Wanita Haid dan Nifas Tidak Wajib Puasa
Wanita haid dan nifas juga tidak wajib berpuasa, karena puasa bagi mereka adalah tidak sah. Jika mereka telah suci dari haid maka mereka wajib meng-qadha’ puasa yang ditinggalkannya.
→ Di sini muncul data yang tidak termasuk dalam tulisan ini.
lemma has_sum_diagonal:
  fixes f :: "nat \<times> nat \<Rightarrow> 'a :: {topological_comm_monoid_add, t3_space}"
  assumes "(f has_sum S) UNIV"
  shows "((\<lambda>N. \<Sum>p\<le>N. f (p, N-p)) has_sum S) UNIV"
proof (rule has_sum_SigmaD)
  have "bij_betw (\<lambda>(N,p). (p, N-p)) (SIGMA N:UNIV. {..N}) (UNIV :: (nat \<times> nat) set)"
    by (rule bij_betw_byWitness[where f' = "\<lambda>(p,q). (p+q, p)"]) auto
  from has_sum_reindex_bij_betw[OF this, of f S] assms
  show "((\<lambda>(N,p). f (p, N-p)) has_sum S) (SIGMA N:UNIV. {..N})"
    by (simp add: case_prod_unfold)
qed simp

lemma exp_series_summable_on:
  fixes r :: real
  assumes "r \<ge> 0"
  shows "(\<lambda>n. r^n / fact n) summable_on UNIV"
  using summable_exp[of r] assms
  by (subst summable_on_UNIV_nonneg_real_iff) (simp_all add: field_simps)

(* The p-th term of 0F1~(; nu + 1; w); at w = -x^2/4 the series is (x/2)^(-nu) J_nu(x). *)
definition bessel_term :: "complex \<Rightarrow> complex \<Rightarrow> nat \<Rightarrow> complex" where
  "bessel_term \<nu> w p = rGamma (of_nat p + 1 + \<nu>) * w^p / fact p"

lemma bessel_term_bound:
  obtains M where "M \<ge> 0" "\<And>p. norm (bessel_term \<nu> w p) \<le> M * norm w ^ p / fact p"
proof -
  obtain M where M: "\<And>n. norm (rGamma (of_nat n + (1 + \<nu>))) \<le> M"
    using rGamma_shifts_bounded by blast
  have "norm (bessel_term \<nu> w p) \<le> M * norm w ^ p / fact p" for p
    using M[of p] unfolding bessel_term_def
    by (simp add: norm_mult norm_divide norm_power divide_right_mono mult_right_mono add.assoc)
  moreover have "M \<ge> 0"
    using M[of 0] norm_ge_zero order_trans by blast
  ultimately show ?thesis using that by blast
qed

lemma hyper_1F2_half_term:
  fixes \<nu> w :: complex
  shows "(\<Prod>a\<leftarrow>[of_nat L + 1/2]. pochhammer a m)
           * (\<Prod>b\<leftarrow>[of_nat (2*L) + 1, of_nat L + \<nu> + 1]. rGamma (b + of_nat m))
           * (4*w)^m / fact m
         = fact L / fact (2*L)
           * (of_nat ((2*(L+m)) choose (2*L+m)) * bessel_term \<nu> 1 (L+m) * w^m)"
proof -
  have binom: "of_nat ((2*(L+m)) choose (2*L+m))
               = 4^m * fact (2*L) * fact (L+m) * pochhammer (of_nat L + 1/2) m
                 / (fact L * fact (2*L+m) * fact m :: complex)"
    using pochhammer_half_binomial[of L m, where 'a=complex] by (simp add: eq_divide_eq mult_ac)
  have "rGamma (of_nat (2*L) + 1 + of_nat m :: complex) = inverse (fact (2*L+m))"
    using rGamma_of_nat_plus_1[of "2*L+m"] by (simp add: add_ac)
  moreover have "rGamma (of_nat L + \<nu> + 1 + of_nat m) = rGamma (of_nat (L+m) + 1 + \<nu>)"
    by (simp add: add_ac)
  ultimately show ?thesis
    unfolding bessel_term_def binom by (simp add: field_simps power_mult_distrib)
qed

lemma summable_norm_shifted_binomial_bessel:
  fixes \<nu> w :: complex
  shows "summable (\<lambda>m. norm (of_nat ((2*(L+m)) choose (2*L+m)) * bessel_term \<nu> 1 (L+m) * w^m))"
proof -
  obtain M where "M \<ge> 0" and M: "\<And>p. norm (bessel_term \<nu> 1 p) \<le> M / fact p"
    using bessel_term_bound[of \<nu> 1] by auto
  have bound: "norm (of_nat ((2*(L+m)) choose (2*L+m)) * bessel_term \<nu> 1 (L+m) * w^m)
               \<le> 4^L * M * ((4 * norm w)^m / fact m)" for m
  proof -
    have "real ((2*(L+m)) choose (2*L+m)) \<le> 4^L * 4^m"
      using choose_double_le_four_pow[of "L+m" "2*L+m"] by (simp add: power_add)
    moreover have "M / fact (L+m) \<le> M / fact m"
      using \<open>M \<ge> 0\<close> by (intro divide_left_mono fact_mono) auto
    ultimately have "norm (of_nat ((2*(L+m)) choose (2*L+m)) * bessel_term \<nu> 1 (L+m) * w^m)
                     \<le> (4^L * 4^m) * (M / fact m) * norm w ^ m"
      using M[of "L+m"] \<open>M \<ge> 0\<close> unfolding norm_mult norm_power norm_of_nat
      by (intro mult_mono) auto
    then show ?thesis
      by (simp add: power_mult_distrib mult_ac)
  qed
  have "summable (\<lambda>m. 4^L * M * ((4 * norm w)^m / fact m))"
    using summable_exp[of "4 * norm w"] by (intro summable_mult) (simp add: field_simps)
  then show ?thesis
    by (rule summable_comparison_test') (use bound in simp)
qed

lemma binomial_bessel_series_has_sum:
  fixes \<nu> w :: complex
  shows "((\<lambda>p. of_nat ((2*p) choose (p+L)) * bessel_term \<nu> w p) has_sum
          fact (2*L) / fact L * w^L
          * hyper_reg [of_nat L + 1/2] [of_nat (2*L) + 1, of_nat L + \<nu> + 1] (4*w)) UNIV"
proof -
  define f where "f p = of_nat ((2*p) choose (p+L)) * bessel_term \<nu> w p" for p
  define c where "c m = of_nat ((2*(L+m)) choose (2*L+m)) * bessel_term \<nu> 1 (L+m) * w^m" for m
  have f_shift: "f (m + L) = w^L * c m" for m
    unfolding f_def c_def bessel_term_def by (simp add: mult_2 add_ac power_add)
  have c_summable: "summable (\<lambda>m. norm (c m))"
    unfolding c_def by (rule summable_norm_shifted_binomial_bessel)
  have hyper: "hyper_reg [of_nat L + 1/2] [of_nat (2*L) + 1, of_nat L + \<nu> + 1] (4*w)
               = fact L / fact (2*L) * suminf c"
    unfolding hyper_reg_def hyper_1F2_half_term c_def[symmetric]
    by (rule suminf_mult[OF summable_norm_cancel[OF c_summable]])
  have "(\<lambda>m. f (m + L)) sums (w^L * suminf c)"
    unfolding f_shift by (rule sums_mult[OF summable_sums[OF summable_norm_cancel[OF c_summable]]])
  moreover have "f p = 0" if "p < L" for p
    using that unfolding f_def by simp
  ultimately have "f sums (w^L * suminf c)"
    using sums_iff_shift[of f L] by simp
  moreover have "summable (\<lambda>p. norm (f p))"
    using summable_iff_shift[of "\<lambda>p. norm (f p)" L] summable_mult[OF c_summable, of "norm w ^ L"]
    unfolding f_shift by (simp add: norm_mult norm_power)
  ultimately have "(f has_sum w^L * suminf c) UNIV"
    by (intro norm_summable_imp_has_sum)
  then show ?thesis
    unfolding f_def hyper by simp
qed

definition neumann_term :: "complex \<Rightarrow> complex \<Rightarrow> nat \<times> nat \<times> nat \<Rightarrow> complex" where
  "neumann_term \<mu> w = (\<lambda>(L, p, q). (if L = 0 then 1 else 2)
      * (of_nat ((2*p) choose (p+L)) * bessel_term \<mu> w p)
      * (of_nat ((2*q) choose (q+L)) * bessel_term (-\<mu>) w q))"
Ketentuan ini didasarkan pada hadis penuturan Aisyah ra. yang menyatakan bahwa Nabi saw. pernah bersabda:
«فِي الْحَيْضِ كُنَّا نُؤْمَرُ بِقَضَاءِ الصَّوْمِ وَلاَ نُؤْمَرُ بِقَضَاءِ الصَّلاَةِ»
Karena haid, kami telah diperintahkan untuk meng-qadha’ shaum, tetapi kami tidak diperintahkan untuk meng-qadha’ shalat. (HR Muslim, an-Nasa’i, Abu Dawud, Ibn Majah dan Ahmad).

Dalil kewajiban shaum/puasa ramadhan

Dalil kewajiban shaum/puasa ramadhan adalah 
فَمَن شَهِدَ مِنكُمُ الشَّهْرَ فَلْيَصُمْهُ
Siapa saja di antara kalian yang melihat hilal bulan Ramadhan, maka berpuasalah. (QS al-Baqarah [2]: 185).
Dalil shaum juga didasarkan pada hadis penuturan Ibn Umar ra. yang menyatakan:
«اَنَّ النَّبِيَ صَلَّى اللهُ عَلَيْهِ وَسَلَّمَ قَالَ: بُنِيَ اْلاِسْلاَمُ عَلَى خَمْسٍ: شَهاَدَةِ اَنْ لاَ الَهَ اِلاَّ اللهُ، وَاَنَّ مُحَمَّدًا رَسُوْلُ اللهِ، وَاِقاَمِ الصَّلاَةِ، وَاِيْتاَءِ الزَّكاَةِ، وَحَجِّ الْبَيْتِ، وَصَوْمِ رَمَضاَنَ»
Sesungguhnya Nabi saw. pernah bersabda, “Islam itu dibangun di atas lima perkara: kesaksian bahwa tidak Tuhan selain Allah dan bahwa Muhammad adalah utusan Allah; mendirikan shalat; menunaikan zakat; beribadah haji; dan shaum Ramadhan.” (HR al-Bukhari, Muslim dan Ahmad).
Shaum wajib Bagi yang Balig dan Berakal
Karena itu, secara pasti shaum merupakan kewajiban setiap Muslim yang telah balig dan berakal. Dalam hal ini, anak-anak dan orang gila tidak wajib untuk berpuasa. Hal ini didasarkan pada sabda Nabi saw.:
«رُفِعَ الْقَلَمُ عَنْ ثَلاَثَةٍ: عَنِ الصَّبِي حَتَّى يَبْلُغَ وَعَنِ النَّائِمِ حَتَّى يَسْتَيْقِظَ وَعَنِ الْمَجْنُوْنِ حَتَّى يَفِيْقَ»
Telah diangkat pena (taklif hukum) atas tiga orang: dari anak kecil hingga balig; dari orang yang tidur hingga dia bangun; dan dari orang gila hingga ia waras. (HR Abu Dawud).